In criminal law, the defendant who elects to plead guilty must do so without reservations or explanations, no matter how powerful they may be. There is no such plea of "guilty with an explanation." It is only in the sentencing phase of the trial, after wrongdoing has been established by his or her admission of guilt, that the defendant may address such factors that may (or may not) mitigate or explain the wrong committed.

So, too, in the case of the alcoholic addict an admission of our wrong thinking and wrongdoings must precede the amends we make and the redemption we seek; for it is through the admission of our wrongs in our initial and continuing moral inventories, and in making amends for such wrongs where possible (i.e., when doing so does not harm others), that we address the root cause, rather than the symptoms, of our alcoholic addiction - the acute self-consciousness and ego-centric thinking we had seemingly escaped from by using booze and/or drugs.

We must freely admit our wrongdoings and then make amends for them, where possible, if we are to overcome the powerful grip of the human ego, a grip that is only strengthened by the feelings of guilt, shame and remorse that we continue to harbour.

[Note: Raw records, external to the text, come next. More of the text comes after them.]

text \<open>Fix for every arrival vector N a maximum-weight matching M N of the realized graph
  and let x i j be the expected number of its edges joining an arrival of type i to the offline
  vertex j; the objective value of x is then the expected optimum. The point x is feasible: a
  matching has at most min(N(S), |T|) edges between the arrivals of the types in S and the offline
  vertices in T, the count N(S) is Poisson with mean lam(S), and for a Poisson variable X of
  mean mu one has E min(X, m) = sum_{k=1..m} (1 - P_{k-1}(mu)) <= mu.\<close>

lemma poisson_pmf_add:
  assumes "0 < a" "0 < b"
  shows "map_pmf (\<lambda>(x, y). x + y) (pair_pmf (poisson_pmf a) (poisson_pmf b)) = poisson_pmf (a + b)"
proof (rule pmf_eqI)
  fix n :: nat
  have preimage: "(\<lambda>(x, y). x + y) -` {n} = (\<lambda>k. (k, n - k)) ` {..n}"
    by (auto simp: image_iff)
  have inj: "inj_on (\<lambda>k. (k, n - k)) {..n}"
    by (auto simp: inj_on_def)
  have "pmf (map_pmf (\<lambda>(x, y). x + y) (pair_pmf (poisson_pmf a) (poisson_pmf b))) n
      = (\<Sum>k\<le>n. pmf (poisson_pmf a) k * pmf (poisson_pmf b) (n - k))"
    by (simp add: pmf_map preimage measure_measure_pmf_finite sum.reindex[OF inj] pmf_pair)
  also have "\<dots> = exp (- (a + b)) / fact n * (\<Sum>k\<le>n. of_nat (n choose k) * a ^ k * b ^ (n - k))"
    unfolding sum_distrib_left
    using assms by (intro sum.cong refl) (simp add: binomial_fact exp_add[symmetric] field_simps exp_diff)
  also have "\<dots> = pmf (poisson_pmf (a + b)) n"
    using assms by (simp add: binomial_ring)
  finally show "pmf (map_pmf (\<lambda>(x, y). x + y) (pair_pmf (poisson_pmf a) (poisson_pmf b))) n
      = pmf (poisson_pmf (a + b)) n" .
qed

lemma Pi_pmf_poisson_sum:
  assumes "finite S" "S \<noteq> {}" "\<forall>i\<in>S. 0 < lam i"
  shows "map_pmf (\<lambda>N. \<Sum>i\<in>S. N i) (Pi_pmf S 0 (\<lambda>i. poisson_pmf (lam i)))
           = poisson_pmf (\<Sum>i\<in>S. lam i)"
  using assms
proof (induction S rule: finite_ne_induct)
  case (singleton x)
  show ?case by (simp add: Pi_pmf_singleton pmf.map_comp o_def)
next
  case (insert x F)
  have upd: "(\<Sum>i\<in>F. (f(x := y)) i) = (\<Sum>i\<in>F. f i)" for f :: "_ \<Rightarrow> nat" and y
    using insert.hyps by (intro sum.cong) auto
  have "map_pmf (\<lambda>N. \<Sum>i\<in>insert x F. N i) (Pi_pmf (insert x F) 0 (\<lambda>i. poisson_pmf (lam i)))
      = map_pmf (\<lambda>(y, z). y + z)
          (pair_pmf (poisson_pmf (lam x)) (map_pmf (\<lambda>N. \<Sum>i\<in>F. N i) (Pi_pmf F 0 (\<lambda>i. poisson_pmf (lam i)))))"
    using insert.hyps
    by (simp add: Pi_pmf_insert pair_map_pmf2 pmf.map_comp o_def case_prod_unfold upd fun_upd_same
        del: fun_upd_apply)
  also have "\<dots> = poisson_pmf (lam x + (\<Sum>i\<in>F. lam i))"
    using insert by (simp add: poisson_pmf_add sum_pos)
  finally show ?case
    using insert.hyps by simp
qed

lemma of_nat_min_eq_sum_indicator:
  "real (min n m) = (\<Sum>k=1..m. 1 - indicator {..k - 1} n)"
proof (induction m)
  case (Suc m)
  have "real (min n (Suc m)) = real (min n m) + (1 - indicator {..m} n)"
    by (auto simp: indicator_def)
  then show ?case
    using Suc by simp
qed simp

lemma expectation_min_eq_sum_tails:
  "measure_pmf.expectation p (\<lambda>n. real (min n m))
     = (\<Sum>k=1..m. 1 - measure_pmf.prob p {..k - 1})"
proof -
  have integrable: "integrable (measure_pmf p) (\<lambda>n. 1 - indicator A n :: real)" for A
    by (rule measure_pmf.integrable_const_bound[where B = 1]) (auto simp: indicator_def)
  have "measure_pmf.expectation p (\<lambda>n. real (min n m))
      = (\<Sum>k=1..m. measure_pmf.expectation p (\<lambda>n. 1 - indicator {..k - 1} n))"
    unfolding of_nat_min_eq_sum_indicator by (intro Bochner_Integration.integral_sum integrable)
  also have "\<dots> = (\<Sum>k=1..m. 1 - measure_pmf.prob p {..k - 1})"
    by (subst Bochner_Integration.integral_diff)
      (auto intro: measure_pmf.integrable_const_bound[where B = 1])
  finally show ?thesis .
qed

lemma poisson_pmf_prob_atMost:
  "0 < mu \<Longrightarrow> measure_pmf.prob (poisson_pmf mu) {..k} = poisson_cdf k mu"
  by (simp add: measure_measure_pmf_finite poisson_cdf_def sum_distrib_left mult.commute)

lemma poisson_expectation_min:
  "0 < mu \<Longrightarrow> measure_pmf.expectation (poisson_pmf mu) (\<lambda>n. real (min n m))
                = (\<Sum>k=1..m. 1 - poisson_cdf (k - 1) mu)"
  by (simp add: expectation_min_eq_sum_tails poisson_pmf_prob_atMost)
(* Consider an instance of the bicriteria asymmetric traveling salesman problem (bi-ATSP) with tour set $\mathcal{C}$, vector criterion $D=(D_1,D_2)$ and outcome set $\mathcal{D}=D(\mathcal{C})$. Let $i,j\in\{1,2\}$, $i\neq j$, and suppose criterion $D_i$ is more important than criterion $D_j$ with coefficient of relative importance $\theta\in(0,1)$; let $\hat P(\mathcal{D})$ be the corresponding reduced Pareto set. Suppose there exist tours $C', C'' \in P_D(\mathcal{C})$ with $D_j(C'')\neq D_j(C')$ such that $$\frac{D_i(C') - D_i(C'')}{D_j(C'') - D_j(C')} \geqslant \frac{1 - \theta}{\theta}.$$ Then $|P(\mathcal{D})| - |\hat{P}(\mathcal{D})| \geqslant 1$.
   Context: Bi-ATSP: given a complete directed graph $G=(V,E)$ on $n$ vertices, each arc $e\in E$ carries a weight vector $d(e)=(d_1(e),d_2(e))$ of positive numbers. $\mathcal{C}$ is the set of all $(n-1)!$ Hamiltonian circuits (tours) of $G$, and for a tour $C$, $D(C)=(D_1(C),D_2(C))$ with $D_j(C)=\sum_{e\in C} d_j(e)$. For vectors $y^*,y$, write $y^*\leq y$ if $y^*\neq y$ and $y^*_s\leqslant y_s$ for every coordinate $s$ (Pareto relation). For a vector criterion $F$ on $\mathcal{C}$, the set of pareto-optimal tours is $P_F(\mathcal{C})=\{C\in\mathcal{C}: \nexists C^*\in\mathcal{C},\ F(C^* )\leq F(C)\}$. The Pareto set is $P(\mathcal{D})=\{y\in\mathcal{D}: \nexists y^*\in\mathcal{D},\ y^*\leq y\}$. Reduced Pareto set: if criterion $D_i$ is declared more important than criterion $D_j$ ($\{i,j\}=\{1,2\}$) with coefficient of relative importance $\theta\in(0,1)$, define the new criterion $\hat D$ by $\hat D_j=\theta D_i+(1-\theta)D_j$ and $\hat D_i=D_i$, and set $\hat{P}(\mathcal{D})=D(P_{\hat D}(\mathcal{C}))$ (a subset of $P(\mathcal{D})$). *)

theory Defs
  imports Complex_Main
begin

text \<open>Hamiltonian circuits (tours) of the complete digraph on the finite vertex set V,
  each tour represented by its set of arcs.\<close>
definition tours :: "'a set \<Rightarrow> ('a \<times> 'a) set set" where
  "tours V = {C. \<exists>xs. distinct xs \<and> set xs = V \<and>
      C = {(xs ! k, xs ! ((k + 1) mod length xs)) | k. k < length xs}}"

definition Dvec :: "('a \<times> 'a \<Rightarrow> real \<times> real) \<Rightarrow> ('a \<times> 'a) set \<Rightarrow> real \<times> real" where
  "Dvec d C = ((\<Sum>e\<in>C. fst (d e)), (\<Sum>e\<in>C. snd (d e)))"

definition coord :: "nat \<Rightarrow> real \<times> real \<Rightarrow> real" where
  "coord s y = (if s = 1 then fst y else snd y)"

definition pareto_le :: "real \<times> real \<Rightarrow> real \<times> real \<Rightarrow> bool" where
  "pareto_le y' y \<longleftrightarrow> y' \<noteq> y \<and> fst y' \<le> fst y \<and> snd y' \<le> snd y"

definition pareto_tours :: "('c \<Rightarrow> real \<times> real) \<Rightarrow> 'c set \<Rightarrow> 'c set" where
  "pareto_tours F Cs = {C \<in> Cs. \<not> (\<exists>C'\<in>Cs. pareto_le (F C') (F C))}"

definition pareto_set :: "(real \<times> real) set \<Rightarrow> (real \<times> real) set" where
  "pareto_set Y = {y \<in> Y. \<not> (\<exists>y'\<in>Y. pareto_le y' y)}"

text \<open>Criterion i more important than j (the other one) with coefficient \<theta>:
  new criterion with hat D_i = D_i, hat D_j = \<theta> D_i + (1-\<theta>) D_j.\<close>
definition reduce :: "real \<Rightarrow> nat \<Rightarrow> real \<times> real \<Rightarrow> real \<times> real" where
  "reduce \<theta> i y = (if i = 1 then (fst y, \<theta> * fst y + (1 - \<theta>) * snd y)
                    else (\<theta> * snd y + (1 - \<theta>) * fst y, snd y))"

definition reduced_pareto_set ::
  "'a set \<Rightarrow> ('a \<times> 'a \<Rightarrow> real \<times> real) \<Rightarrow> real \<Rightarrow> nat \<Rightarrow> (real \<times> real) set" where
  "reduced_pareto_set V d \<theta> i =
     Dvec d ` pareto_tours (\<lambda>C. reduce \<theta> i (Dvec d C)) (tours V)"

end

theory Submission
  imports Defs
begin

text \<open>If the Pareto tours C' and C'' trade off the two criteria at a rate of at least
  (1 - \<theta>)/\<theta>, then the one that is better in criterion j becomes dominated once
  D_j is replaced by \<theta> D_i + (1 - \<theta>) D_j. Its outcome is Pareto optimal but lies
  outside the reduced Pareto set, which is itself contained in the Pareto set because
  the reduction is strictly monotone for the Pareto relation.\<close>

lemma pareto_le_reduce:
  assumes "0 \<le> \<theta>" "\<theta> < 1" "pareto_le y' y"
  shows "pareto_le (reduce \<theta> i y') (reduce \<theta> i y)"
proof -
  obtain a x where y': "y' = (a, x)" by force
  obtain b z where y: "y = (b, z)" by force
  have le: "a \<le> b" "x \<le> z" and ne: "a \<noteq> b \<or> x \<noteq> z"
    using assms(3) unfolding y y' pareto_le_def by auto
  have "\<theta> * a + (1 - \<theta>) * x \<le> \<theta> * b + (1 - \<theta>) * z"
       "\<theta> * x + (1 - \<theta>) * a \<le> \<theta> * z + (1 - \<theta>) * b"
    using le assms(1,2) by (simp_all add: add_mono mult_left_mono)
  moreover have "a \<noteq> b \<or> \<theta> * a + (1 - \<theta>) * x \<noteq> \<theta> * b + (1 - \<theta>) * z"
    and "x \<noteq> z \<or> \<theta> * x + (1 - \<theta>) * a \<noteq> \<theta> * z + (1 - \<theta>) * b"
    using ne assms(2) by auto
  ultimately show ?thesis
    using le unfolding y y' reduce_def pareto_le_def by auto
qed

lemma pareto_tours_image_in_pareto_set:
  "C \<in> pareto_tours F Cs \<Longrightarrow> F C \<in> pareto_set (F ` Cs)"
  unfolding pareto_tours_def pareto_set_def by blast

lemma image_pareto_tours_comp_subset_pareto_set:
  assumes "\<And>y' y. pareto_le y' y \<Longrightarrow> pareto_le (g y') (g y)"
  shows "F ` pareto_tours (\<lambda>C. g (F C)) Cs \<subseteq> pareto_set (F ` Cs)"
  using assms unfolding pareto_tours_def pareto_set_def by blast

lemma image_pareto_tours_comp_notin:
  assumes "C1 \<in> Cs" "pareto_le (g (F C1)) (g (F C0))"
  shows "F C0 \<notin> F ` pareto_tours (\<lambda>C. g (F C)) Cs"
  using assms unfolding pareto_tours_def by (auto simp: image_iff)

lemma pareto_le_coord:
  assumes "i \<in> {1, 2}" "j \<in> {1, 2}" "i \<noteq> j"
  shows "pareto_le y' y \<longleftrightarrow> y' \<noteq> y \<and> coord i y' \<le> coord i y \<and> coord j y' \<le> coord j y"
  using assms unfolding pareto_le_def coord_def by auto

lemma coord_reduce_same: "i \<in> {1, 2} \<Longrightarrow> coord i (reduce \<theta> i y) = coord i y"
  unfolding coord_def reduce_def by auto

lemma coord_reduce_other:
  assumes "i \<in> {1, 2}" "j \<in> {1, 2}" "i \<noteq> j"
  shows "coord j (reduce \<theta> i y) = \<theta> * coord i y + (1 - \<theta>) * coord j y"
  using assms unfolding coord_def reduce_def by auto

lemma reduce_dominated_of_tradeoff:
  assumes ij: "i \<in> {1, 2}" "j \<in> {1, 2}" "i \<noteq> j" and "0 < \<theta>" "\<theta> < 1"
    and less: "coord j y1 < coord j y2"
    and rate: "(coord i y1 - coord i y2) / (coord j y2 - coord j y1) \<ge> (1 - \<theta>) / \<theta>"
  shows "pareto_le (reduce \<theta> i y2) (reduce \<theta> i y1)"
proof -
  define \<Delta>i where "\<Delta>i = coord i y1 - coord i y2"
  define \<Delta>j where "\<Delta>j = coord j y2 - coord j y1"
  have "\<Delta>j > 0" using less unfolding \<Delta>j_def by simp
  have "(1 - \<theta>) * \<Delta>j / \<theta> \<le> \<Delta>i"
    using rate pos_le_divide_eq[OF \<open>\<Delta>j > 0\<close>] unfolding \<Delta>i_def \<Delta>j_def by simp
  then have trade: "(1 - \<theta>) * \<Delta>j \<le> \<theta> * \<Delta>i"
    using pos_divide_le_eq[OF \<open>0 < \<theta>\<close>] by (simp add: mult.commute)
  moreover have "(1 - \<theta>) * \<Delta>j > 0" using \<open>\<Delta>j > 0\<close> \<open>\<theta> < 1\<close> by simp
  ultimately have "\<theta> * \<Delta>i > 0" by linarith
  then have "\<Delta>i > 0" using \<open>0 < \<theta>\<close> by (simp add: zero_less_mult_iff)
  then have "coord i (reduce \<theta> i y2) < coord i (reduce \<theta> i y1)"
    unfolding coord_reduce_same[OF ij(1)] \<Delta>i_def by simp
  moreover have "coord j (reduce \<theta> i y2) \<le> coord j (reduce \<theta> i y1)"
    using trade unfolding coord_reduce_other[OF ij] \<Delta>i_def \<Delta>j_def right_diff_distrib
    by linarith
  ultimately show ?thesis unfolding pareto_le_coord[OF ij] by auto
qed

lemma reduce_comparable_of_tradeoff:
  assumes ij: "i \<in> {1, 2}" "j \<in> {1, 2}" "i \<noteq> j" and \<theta>: "0 < \<theta>" "\<theta> < 1"
    and "coord j y2 \<noteq> coord j y1"
    and rate: "(coord i y1 - coord i y2) / (coord j y2 - coord j y1) \<ge> (1 - \<theta>) / \<theta>"
  shows "pareto_le (reduce \<theta> i y2) (reduce \<theta> i y1) \<or> pareto_le (reduce \<theta> i y1) (reduce \<theta> i y2)"
proof (cases "coord j y1 < coord j y2")
  case True
  then show ?thesis using reduce_dominated_of_tradeoff[OF ij \<theta> _ rate] by blast
next
  case False
  then have "coord j y2 < coord j y1" using assms(6) by simp
  moreover have "(coord i y2 - coord i y1) / (coord j y1 - coord j y2) \<ge> (1 - \<theta>) / \<theta>"
    using rate by (metis minus_diff_eq minus_divide_divide)
  ultimately show ?thesis using reduce_dominated_of_tradeoff[OF ij \<theta>] by blast
qed

lemma finite_tours: "finite V \<Longrightarrow> finite (tours V)"
proof -
  assume "finite V"
  have "tours V \<subseteq> (\<lambda>xs. {(xs ! k, xs ! ((k + 1) mod length xs)) | k. k < length xs})
                    ` {xs. set xs \<subseteq> V \<and> length xs \<le> card V}"
    unfolding tours_def using distinct_card by fastforce
  moreover have "finite {xs. set xs \<subseteq> V \<and> length xs \<le> card V}"
    using finite_lists_length_le[OF \<open>finite V\<close>] by simp
  ultimately show ?thesis by (meson finite_surj)
qed

theorem proposition1:
  fixes V :: "'a set" and d :: "'a \<times> 'a \<Rightarrow> real \<times> real"
    and \<theta> :: real and i j :: nat and C' C'' :: "('a \<times> 'a) set"
  assumes "finite V"
    and "\<And>u v. u \<in> V \<Longrightarrow> v \<in> V \<Longrightarrow> u \<noteq> v \<Longrightarrow> fst (d (u, v)) > 0 \<and> snd (d (u, v)) > 0"
    and "i \<in> {1, 2}" and "j \<in> {1, 2}" and "i \<noteq> j"
    and "0 < \<theta>" and "\<theta> < 1"
    and "C' \<in> pareto_tours (Dvec d) (tours V)"
    and "C'' \<in> pareto_tours (Dvec d) (tours V)"
    and "coord j (Dvec d C'') \<noteq> coord j (Dvec d C')"
    and "(coord i (Dvec d C') - coord i (Dvec d C'')) /
           (coord j (Dvec d C'') - coord j (Dvec d C')) \<ge> (1 - \<theta>) / \<theta>"
  shows "int (card (pareto_set (Dvec d ` tours V)))
           - int (card (reduced_pareto_set V d \<theta> i)) \<ge> 1"
proof -
  let ?P = "pareto_set (Dvec d ` tours V)"
  let ?R = "reduced_pareto_set V d \<theta> i"
  obtain C0 C1 where C0: "C0 \<in> pareto_tours (Dvec d) (tours V)" and C1: "C1 \<in> tours V"
    and dominated: "pareto_le (reduce \<theta> i (Dvec d C1)) (reduce \<theta> i (Dvec d C0))"
    using reduce_comparable_of_tradeoff[OF assms(3-7,10,11)] assms(8,9)
    unfolding pareto_tours_def by blast
  have "?R \<subseteq> ?P"
    unfolding reduced_pareto_set_def
    by (rule image_pareto_tours_comp_subset_pareto_set) (use assms(6,7) pareto_le_reduce in auto)
  moreover have "Dvec d C0 \<in> ?P" using C0 by (rule pareto_tours_image_in_pareto_set)
  moreover have "Dvec d C0 \<notin> ?R"
    unfolding reduced_pareto_set_def using image_pareto_tours_comp_notin[where g = "reduce \<theta> i", OF C1 dominated] .
  moreover have "finite ?P"
    using finite_tours[OF assms(1)] unfolding pareto_set_def by simp
  ultimately have "card ?R < card ?P" by (metis psubset_card_mono psubsetI)
  then show ?thesis by linarith
qed

end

Like anger, such powerful feelings are best left to those "better qualified" to handle them, for unresolved they are likely to lead us back into the throes of our active addiction, or worse.

Thus, it is by facing and making amends for our wrong actions, rather than by trying to explain away (mostly to ourselves) the guilt and shame we feel in light of such actions, that we are freed from "the wreckage of our past." It is by doing so that we are cut loose from (or, at least, we loosen) the ties of our "old ideas, emotions and attitudes," the mental constructs which seemingly grip us so irrevocably in the throes of our egoic, smaller selves. And, it is by doing so, that we finally awaken to at least the possibility of our emergence into what Bill W. so aptly described as "the sunlight of the Spirit."

If we balk from examining our resentments, fears and conduct, we will inevitably remain in the sway of our own unremedied self, and it will be this smaller self (i.e., the false self of the human ego) that will continue to act as our prosecutor, judge, jury, jailer and (potentially) executor.